The D&RG used both rods and straps for tank bands. There was not rhyme or reason as to why they used one or the other. It looks like the lower bands connectors are the adjusters for the rods and the upper ones are for the bands. Could be wrong of course since I did not build it.

Just want to take this chance to say goodbye before you leave. Good luck in the future and (to quote a quote) "thanks for all the fish".


----------



## Greg Elmassian (Jan 3, 2008)

Interesting, from a person who knows nothing, it would seem that the bands would be capable of more tension than the rods, but I see the rods on the bottom, where the greatest pressure should be.

Doing a bit more research, after looking at a number of real tanks, it seemed the norm was rods or bands, but not a mix.

Greg - 5


----------



## Casey Akin (Apr 4, 2018)

*Re water tower bands*

I have replied to this message at least two other times, my login info keeps messing up. 

The original bands on most all water towers were flat steel riveted together in sections. They were non adjustable and made in increasingly larger diameters to fit the taper of the tank. 

As the tanks got older, the wood would shrink, or the steel would stretch. This caused the non adjustable bands to sag and sometimes fall off. In some cases, the towers were rebuilt using all adjustable bands, usually of the same type (flat or round). In other instances when the tank was still usable, adjustable bands were added to help support the existing bands. Sometimes this was done more than once, and in the case of the Cumbres tower, there were 4 different band styles before it was finally replaced. 

Our tower represents the final few years before the D&RGW replaced it with a water column.
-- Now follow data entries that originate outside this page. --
(* For $\epsilon \in [0,1]$, let $F_\epsilon$ be the solution of $$F_\epsilon''(t) = (\epsilon - 3Q(t)^2)F_\epsilon(t), \quad t > 0, \qquad F_\epsilon(0) = 0,\ F_\epsilon'(0) = -1.$$ Then $F_\epsilon$ changes its sign at least once on $(0,\infty)$. Moreover, its first positive zero $t_\epsilon$ satisfies $t_\epsilon \ge t_0 > 0$, where $t_0$ is the first positive zero of $F_0$ (the solution for $\epsilon = 0$).
   Context: $Q(t)$, $t\ge 0$, denotes the radial profile of the positive radial ground state of $\Delta\phi - \phi + |\phi|^2\phi = 0$ on $\mathbb{R}^3$; it solves $-Q'' - \frac{2}{t}Q' + Q - Q^3 = 0$. *)

theory Defs
  imports "HOL-Analysis.Analysis"
begin

text \<open>Radial profile of the positive radial ground state of
  Delta phi - phi + |phi|^2 phi = 0 on R^3: a positive function on [0,oo),
  regular at the origin (Q'(0) = 0), decaying to 0 at infinity, and solving
  -Q'' - (2/t) Q' + Q - Q^3 = 0 for t > 0.  Q' is the derivative of Q.
  (By the Coffman/Kwong uniqueness theorem this determines Q.)\<close>
definition ground_state_profile :: "(real \<Rightarrow> real) \<Rightarrow> (real \<Rightarrow> real) \<Rightarrow> bool" where
  "ground_state_profile Q Q' \<longleftrightarrow>
     (\<forall>t\<ge>0. Q t > 0) \<and>
     (Q has_real_derivative 0) (at 0 within {0..}) \<and>
     Q' 0 = 0 \<and>
     (\<forall>t>0. (Q has_real_derivative Q' t) (at t)) \<and>
     (\<forall>t>0. \<exists>Q''. (Q' has_real_derivative Q'') (at t) \<and>
              - Q'' - (2 / t) * Q' t + Q t - Q t ^ 3 = 0) \<and>
     (Q \<longlongrightarrow> 0) at_top"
There are 8 non adjustable bands from the bottom to the middle. Most of which are between the six round adjustable bands at the bottom. Just above the mid line is a single small flat adjustable band, with four large adjustable bands at the top.


----------



## choochoowilly (Oct 31, 2016)

*scratch built water tank*

Didn't follow and particular plans just ideas for a lot of pictures and how it looked next to rolling stock.







Built the tank out of PVC lumber for the support legs, 6" PVC pipe for the tank, made the spout from stretched CVPC pipe, bands for copper wire, support cables are coat hanger with nuts glued on and top is from a old bird feeder cut down. The weather vane is from Hobby Lobby and holds it all together. Fun project, Bill


----------



## choochoowilly (Oct 31, 2016)




----------



## choochoowilly (Oct 31, 2016)




----------



## Scott (Jan 29, 2008)

Looks good


----------